Stored data entries
====================
(* Let $\mathbb{S}=\{1,2,\ldots,N\}$ with $N\in\mathbb{N}\cup\{\infty\}$, and for each $x\in\mathbb{R}^d$ let $Q(x)=(q_{ij}(x))_{i,j\in\mathbb{S}}$ be a transition rate matrix. Assume: (A2) for each $x\in\mathbb{R}^d$, $Q(x)$ is conservative and irreducible, and $\kappa:=\sup_{i\in\mathbb{S}}\sum_{j\in\mathbb{S},j\neq i}\sup_{x\in\mathbb{R}^d}q_{ij}(x)<\infty$; (A3) there is $K_3>0$ with $\|Q(x)-Q(y)\|_{\ell_1}:=\sup_{i\in\mathbb{S}}\sum_{j\neq i}|q_{ij}(x)-q_{ij}(y)|\le K_3|x-y|$ for all $x,y\in\mathbb{R}^d$; (A4) for each $x$ the semigroup $P^x_t$ has an invariant probability measure $\pi^x$, and there are constants $c_1,\lambda_1>0$ such that $\sup_{i\in\mathbb{S}}\|P_t^x(i,\cdot)-\pi^x\|_{\mathrm{var}}\le c_1e^{-\lambda_1 t}$ for all $t>0$ and $x\in\mathbb{R}^d$. Then for all $x,y\in\mathbb{R}^d$, $$\|\pi^x-\pi^y\|_{\mathrm{var}}\le C_\pi|x-y|,\qquad C_\pi=\frac{4c_1K_3}{\lambda_1}.$$
   Context: $P_t^x$ denotes the transition semigroup of the continuous-time Markov chain on $\mathbb{S}$ with transition rate matrix $Q(x)$. Conservative means $q_{ij}(x)\ge0$ for $i\ne j$ and $\sum_j q_{ij}(x)=0$. For probability measures $\mu,\nu$ on $\mathbb{S}$, $\|\mu-\nu\|_{\mathrm{var}}=\sup\{|\mu(f)-\nu(f)|: |f|\le 1\}=\sum_{i}|\mu_i-\nu_i|$, where $\mu(f)=\sum_i\mu_if(i)$. *)

theory Defs
  imports "HOL-Analysis.Analysis" "HOL-Library.Extended_Nat"
begin

definition state_space :: "enat \<Rightarrow> nat set" where
  "state_space N = {i. 1 \<le> i \<and> enat i \<le> N}"

definition conservative :: "nat set \<Rightarrow> (nat \<Rightarrow> nat \<Rightarrow> real) \<Rightarrow> bool" where
  "conservative S q \<longleftrightarrow>
     (\<forall>i\<in>S. \<forall>j\<in>S. i \<noteq> j \<longrightarrow> q i j \<ge> 0) \<and>
     (\<forall>i\<in>S. q i summable_on S \<and> (\<Sum>\<^sub>\<infinity>j\<in>S. q i j) = 0)"
(* Fix a positive integer $m$. For each $n\ge1$ and real coefficients $a^{\pm}_{i,j},b^{\pm}_{i,j}$ ($i+j\le n$) let $p^{\pm}=\sum_{i+j=0}^n a^{\pm}_{i,j}x^iy^j$, $q^{\pm}=\sum_{i+j=0}^n b^{\pm}_{i,j}x^iy^j$ and consider $$(\dot x,\dot y)=\begin{cases}(y+\epsilon p^+(x,y),\,-x+\epsilon q^+(x,y)), & y\ge x^{m},\\ (y+\epsilon p^-(x,y),\,-x+\epsilon q^-(x,y)), & y<x^{m}.\end{cases}$$ Let $H(n)$ be the supremum, over all coefficient choices for which the first order Melnikov function $M$ (defined in the context) is not identically zero on $(0,+\infty)$, of the number of zeros of $M$ in $(0,+\infty)$ counted with multiplicity. Then there exist nonnegative integers $k,l$ (independent of $n$) such that $H(n)\le kn+l$ for all $n\ge1$.
   Context: For $h>0$, the circle $x^2+y^2=h$ meets the curve $y=x^{m}$ at exactly two points $A_h=(-s,(-s)^m)$ and $B_h=(s,s^m)$, where $s>0$ solves $s^2+s^{2m}=h$. $L_h^+$ is the arc of this circle in $\{y\ge x^{m}\}$, oriented clockwise from $A_h$ to $B_h$; $L_h^-$ is the arc in $\{y\le x^{m}\}$, oriented clockwise from $B_h$ to $A_h$. The first order Melnikov function is $M(h)=\int_{L_h^+}(q^+dx-p^+dy)+\int_{L_h^-}(q^-dx-p^-dy)$, $h\in(0,+\infty)$. *)

theory Defs
  imports "HOL-Analysis.Analysis" "HOL-Library.Extended_Nat"
begin

definition poly2 :: "nat \<Rightarrow> (nat \<Rightarrow> nat \<Rightarrow> real) \<Rightarrow> real \<Rightarrow> real \<Rightarrow> real" where
  "poly2 n c x y = (\<Sum>i\<le>n. \<Sum>j\<le>n - i. c i j * x ^ i * y ^ j)"

definition sol_s :: "nat \<Rightarrow> real \<Rightarrow> real" where
  "sol_s m h = (THE s. s > 0 \<and> s ^ 2 + s ^ (2 * m) = h)"
theorem lemma3p1:
  fixes d :: nat and nstar mstar \<epsilon> :: real
  assumes "d \<ge> 2" and "\<epsilon> > 0"
  shows "\<exists>r1 > 0. \<exists>C > 0. \<forall>n m :: nat. n \<ge> d \<longrightarrow> m \<ge> 2 \<longrightarrow> occ_var d n m \<ge> r1 \<longrightarrow>
           (real n > nstar \<and> real m > mstar)
         \<and> real n / real m \<le> (1 + \<epsilon>) * ln (real m)
         \<and> occ_mean d n m \<le> C * occ_var d n m"
proof -
  define M where "M = max mstar (100*real d + 102)"
  define N where "N = max nstar (100*real d^2 + 2*real d)"
  define t where "t = max M (max (N^d) (((1 + \<epsilon>) / \<epsilon>)^d))"
  define r1 where "r1 = exp (2*real d) * (t + t^2) + 1"
  have N0: "0 \<le> N" by (simp add: N_def le_max_iff_disj)
  have t0: "0 \<le> t" by (simp add: t_def M_def le_max_iff_disj)
  have "0 \<le> exp (2*real d) * (t + t^2)" using t0 by simp
  hence r1pos: "0 < r1" by (simp add: r1_def)
  have main: "(real n > nstar \<and> real m > mstar) \<and> real n / real m \<le> (1 + \<epsilon>) * ln (real m)
         \<and> occ_mean d n m \<le> 5 * occ_var d n m"
    if "d \<le> n" "2 \<le> m" "r1 \<le> occ_var d n m" for n m :: nat
  proof -
    have "exp (2*real d) * (t + t^2) < occ_var d n m" using that(3) by (simp add: r1_def)
    hence T: "t < poisson_occ d n m" by (rule poisson_occ_gt_of_large_var[OF that(2,1)])
    have "M < real m \<and> N < real n \<and> real n / real m \<le> (1 + \<epsilon>) * ln (real m)"
      by (rule poisson_occ_large_implies[OF that(2) _ assms(2) N0 T[unfolded t_def]]) (use assms(1) in simp)
    thus ?thesis using occ_mean_le_five_var[OF assms(1)] by (simp add: M_def N_def)
  qed
  show ?thesis
    using r1pos main by (intro exI[of _ r1] exI[of _ "5::real"] conjI allI impI) auto
qed

end
(* Fix a substructure collection $\mathcal{H}$. Let $C^V$ be the set of functions (on graphs) that can be expressed by a GSN-v with arbitrary depth and width using structural features from $\mathcal{H}$, and $C^E$ the set of functions that can be expressed by a GSN-e with arbitrary depth and width using structural features from $\mathcal{H}$. Then $C^E\supseteq C^V$, i.e. GSN-e is at least as expressive as GSN-v.
   Context: Graphs are finite, simple, with possible vertex features and edge features $\mathbf{e}_{u,v}$. For a (connected) graph $H$, its vertex orbits $O^V_{H,1},\dots,O^V_{H,d_H}$ are the classes of $\mathcal{V}_H$ under $\mathrm{Aut}(H)$; its edge orbits are the classes of ordered pairs $(u,v)$ with $\{u,v\}\in\mathcal{E}_H$ under $(u,v)\mapsto(g(u),g(v))$, $g\in\mathrm{Aut}(H)$. For a graph $G$: $x^V_{H,i}(v)=|\{G_S\subseteq G: G_S\simeq H,\ v\in\mathcal{V}_{G_S},\ f(v)\in O^V_{H,i}\}|$ and $x^E_{H,i}(u,v)=|\{G_S\subseteq G: G_S\simeq H,\ (u,v)\in\mathcal{E}_{G_S},\ (f(u),f(v))\in O^E_{H,i}\}|$, where $f:G_S\to H$ is any isomorphism. $\mathbf{x}^V_v$ and $\mathbf{x}^E_{u,v}$ are the concatenations over $H\in\mathcal{H}$ and all orbits. A GSN layer: $\mathbf{h}^{t+1}_v=\mathrm{UP}^{t+1}(\mathbf{h}^t_v,\mathbf{m}^{t+1}_v)$; for GSN-v, $\mathbf{m}^{t+1}_v=M^{t+1}(\{\!\{(\mathbf{h}^t_v,\mathbf{h}^t_u,\mathbf{x}^V_v,\mathbf{x}^V_u,\mathbf{e}_{u,v})\}\!\}_{u\in\mathcal{N}(v)})$; for GSN-e, $\mathbf{m}^{t+1}_v=M^{t+1}(\{\!\{(\mathbf{h}^t_v,\mathbf{h}^t_u,\mathbf{x}^E_{u,v},\mathbf{e}_{u,v})\}\!\}_{u\in\mathcal{N}(v)})$, where $\mathrm{UP}^{t+1}$ is an arbitrary function and $M^{t+1}$ an arbitrary function on multisets; $\mathbf{h}^0_v$ are input vertex features, and the network output is obtained from the final vertex states (with a readout for graph-level functions). *)

theory Defs
  imports Complex_Main "HOL-Library.Multiset"
begin

text \<open>Simple graph skeletons (used for substructures H and for subgraphs G_S):
  a vertex set and a symmetric, irreflexive set of ordered pairs (each undirected
  edge {u,v} appears as both (u,v) and (v,u)).\<close>
record pattern =
  pverts :: "nat set"
  pedges :: "(nat \<times> nat) set"

definition wf_pattern :: "pattern \<Rightarrow> bool" where
  "wf_pattern P \<longleftrightarrow> finite (pverts P) \<and> pedges P \<subseteq> pverts P \<times> pverts P
     \<and> sym (pedges P) \<and> irrefl (pedges P)"

definition connected_pattern :: "pattern \<Rightarrow> bool" where
  "connected_pattern P \<longleftrightarrow> wf_pattern P \<and> pverts P \<noteq> {}
     \<and> (\<forall>u\<in>pverts P. \<forall>w\<in>pverts P. (u, w) \<in> (pedges P)\<^sup>*)"

record graph =
  verts :: "nat set"
  edges :: "(nat \<times> nat) set"
  vfeat :: "nat \<Rightarrow> real list"
  efeat :: "nat \<Rightarrow> nat \<Rightarrow> real list"

definition skel :: "graph \<Rightarrow> pattern" where
  "skel G = \<lparr>pverts = verts G, pedges = edges G\<rparr>"

definition wf_graph :: "graph \<Rightarrow> bool" where
  "wf_graph G \<longleftrightarrow> wf_pattern (skel G)"

definition nbrs :: "graph \<Rightarrow> nat \<Rightarrow> nat set" where
  "nbrs G v = {u. (v, u) \<in> edges G}"

definition is_iso :: "(nat \<Rightarrow> nat) \<Rightarrow> pattern \<Rightarrow> pattern \<Rightarrow> bool" where
  "is_iso f P Q \<longleftrightarrow> bij_betw f (pverts P) (pverts Q)
     \<and> (\<forall>u\<in>pverts P. \<forall>w\<in>pverts P. (u, w) \<in> pedges P \<longleftrightarrow> (f u, f w) \<in> pedges Q)"

definition isomorphic :: "pattern \<Rightarrow> pattern \<Rightarrow> bool" where
  "isomorphic P Q \<longleftrightarrow> (\<exists>f. is_iso f P Q)"

definition Aut :: "pattern \<Rightarrow> (nat \<Rightarrow> nat) set" where
  "Aut H = {g. is_iso g H H}"

definition vorbits :: "pattern \<Rightarrow> nat set set" where
  "vorbits H = {{g x | g. g \<in> Aut H} | x. x \<in> pverts H}"

definition eorbits :: "pattern \<Rightarrow> (nat \<times> nat) set set" where
  "eorbits H = {{(g u, g w) | g. g \<in> Aut H} | u w. (u, w) \<in> pedges H}"

text \<open>(Not necessarily induced) subgraphs of G.\<close>
definition is_subgraph :: "pattern \<Rightarrow> graph \<Rightarrow> bool" where
  "is_subgraph S G \<longleftrightarrow> wf_pattern S \<and> pverts S \<subseteq> verts G \<and> pedges S \<subseteq> edges G"

text \<open>Vertex structural feature x^V_v, represented as the function
  (H, Ob) \<mapsto> x^V_{H,Ob}(v) for H in the collection and Ob a vertex orbit of H
  (and 0 elsewhere); this carries exactly the information of the concatenation.\<close>
definition xV :: "pattern set \<Rightarrow> graph \<Rightarrow> nat \<Rightarrow> pattern \<Rightarrow> nat set \<Rightarrow> nat" where
  "xV \<H> G v = (\<lambda>H Ob. if H \<in> \<H> \<and> Ob \<in> vorbits H then
      card {S. is_subgraph S G \<and> isomorphic S H \<and> v \<in> pverts S
               \<and> (\<exists>f. is_iso f S H \<and> f v \<in> Ob)}
    else 0)"

definition xE :: "pattern set \<Rightarrow> graph \<Rightarrow> nat \<Rightarrow> nat \<Rightarrow> pattern \<Rightarrow> (nat \<times> nat) set \<Rightarrow> nat" where
  "xE \<H> G u v = (\<lambda>H Ob. if H \<in> \<H> \<and> Ob \<in> eorbits H then
      card {S. is_subgraph S G \<and> isomorphic S H \<and> (u, v) \<in> pedges S
               \<and> (\<exists>f. is_iso f S H \<and> (f u, f v) \<in> Ob)}
    else 0)"

type_synonym vfeatvec = "pattern \<Rightarrow> nat set \<Rightarrow> nat"
type_synonym efeatvec = "pattern \<Rightarrow> (nat \<times> nat) set \<Rightarrow> nat"

text \<open>Message functions M^{t} (arbitrary functions on multisets) and update
  functions UP^{t} (arbitrary), indexed by the layer t \<ge> 1. States are real
  vectors of arbitrary (layer-dependent) width.\<close>
type_synonym msgV = "nat \<Rightarrow> (real list \<times> real list \<times> vfeatvec \<times> vfeatvec \<times> real list) multiset \<Rightarrow> real list"
type_synonym msgE = "nat \<Rightarrow> (real list \<times> real list \<times> efeatvec \<times> real list) multiset \<Rightarrow> real list"
type_synonym upd = "nat \<Rightarrow> real list \<Rightarrow> real list \<Rightarrow> real list"

fun gsnv_state :: "pattern set \<Rightarrow> msgV \<Rightarrow> upd \<Rightarrow> graph \<Rightarrow> nat \<Rightarrow> nat \<Rightarrow> real list" where
  "gsnv_state \<H> M UP G 0 v = vfeat G v"
| "gsnv_state \<H> M UP G (Suc t) v =
     UP (Suc t) (gsnv_state \<H> M UP G t v)
       (M (Suc t) (image_mset (\<lambda>u. (gsnv_state \<H> M UP G t v, gsnv_state \<H> M UP G t u,
                                     xV \<H> G v, xV \<H> G u, efeat G u v))
                     (mset_set (nbrs G v))))"

fun gsne_state :: "pattern set \<Rightarrow> msgE \<Rightarrow> upd \<Rightarrow> graph \<Rightarrow> nat \<Rightarrow> nat \<Rightarrow> real list" where
  "gsne_state \<H> M UP G 0 v = vfeat G v"
| "gsne_state \<H> M UP G (Suc t) v =
     UP (Suc t) (gsne_state \<H> M UP G t v)
       (M (Suc t) (image_mset (\<lambda>u. (gsne_state \<H> M UP G t v, gsne_state \<H> M UP G t u,
                                     xE \<H> G u v, efeat G u v))
                     (mset_set (nbrs G v))))"

definition CV_vertex :: "pattern set \<Rightarrow> (graph \<Rightarrow> nat \<Rightarrow> real list) set" where
  "CV_vertex \<H> = {F. \<exists>T M UP. \<forall>G. wf_graph G \<longrightarrow>
      (\<forall>v\<in>verts G. F G v = gsnv_state \<H> M UP G T v)}"

definition CE_vertex :: "pattern set \<Rightarrow> (graph \<Rightarrow> nat \<Rightarrow> real list) set" where
  "CE_vertex \<H> = {F. \<exists>T M UP. \<forall>G. wf_graph G \<longrightarrow>
      (\<forall>v\<in>verts G. F G v = gsne_state \<H> M UP G T v)}"

definition CV_graph :: "pattern set \<Rightarrow> (graph \<Rightarrow> real list) set" where
  "CV_graph \<H> = {F. \<exists>T M UP R. \<forall>G. wf_graph G \<longrightarrow>
      F G = R (image_mset (gsnv_state \<H> M UP G T) (mset_set (verts G)))}"

definition CE_graph :: "pattern set \<Rightarrow> (graph \<Rightarrow> real list) set" where
  "CE_graph \<H> = {F. \<exists>T M UP R. \<forall>G. wf_graph G \<longrightarrow>
      F G = R (image_mset (gsne_state \<H> M UP G T) (mset_set (verts G)))}"

definition substructure_collection :: "pattern set \<Rightarrow> bool" where
  "substructure_collection \<H> \<longleftrightarrow> finite \<H> \<and> (\<forall>H\<in>\<H>. connected_pattern H)"

end

theory Submission
  imports Defs
begin

(* Let O be a vertex orbit of a connected pattern H whose vertices have degree d. A copy of H in
   which v plays the role of O contains exactly d edges (u, v), and each of them is mapped into
   exactly one edge orbit of H ending in O. Double counting gives
     d * x^V_{H,O}(v) = sum over neighbours u of v and edge orbits O' ending in O of x^E_{H,O'}(u, v),
   and if d = 0 then connectedness makes H a single vertex, so x^V_{H,O}(v) = 1. Thus x^V_v is a
   function of the multiset of the x^E_{u,v}. A GSN-e can therefore compute x^V_v in a first layer
   and store it in front of the input features; every further layer reads the stored counts of v and
   of its neighbours and applies the corresponding GSN-v layer, and the last one discards them. *)

section \<open>Isomorphisms and orbits\<close>

lemma is_iso_id: "is_iso id P P"
  unfolding is_iso_def by auto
====================
To do: Pick out all lines from the data above in which the word "vorbits" appears.

Task output:
definition vorbits :: "pattern \<Rightarrow> nat set set" where
  "vorbits H = {{g x | g. g \<in> Aut H} | x. x \<in> pverts H}"
  "xV \<H> G v = (\<lambda>H Ob. if H \<in> \<H> \<and> Ob \<in> vorbits H then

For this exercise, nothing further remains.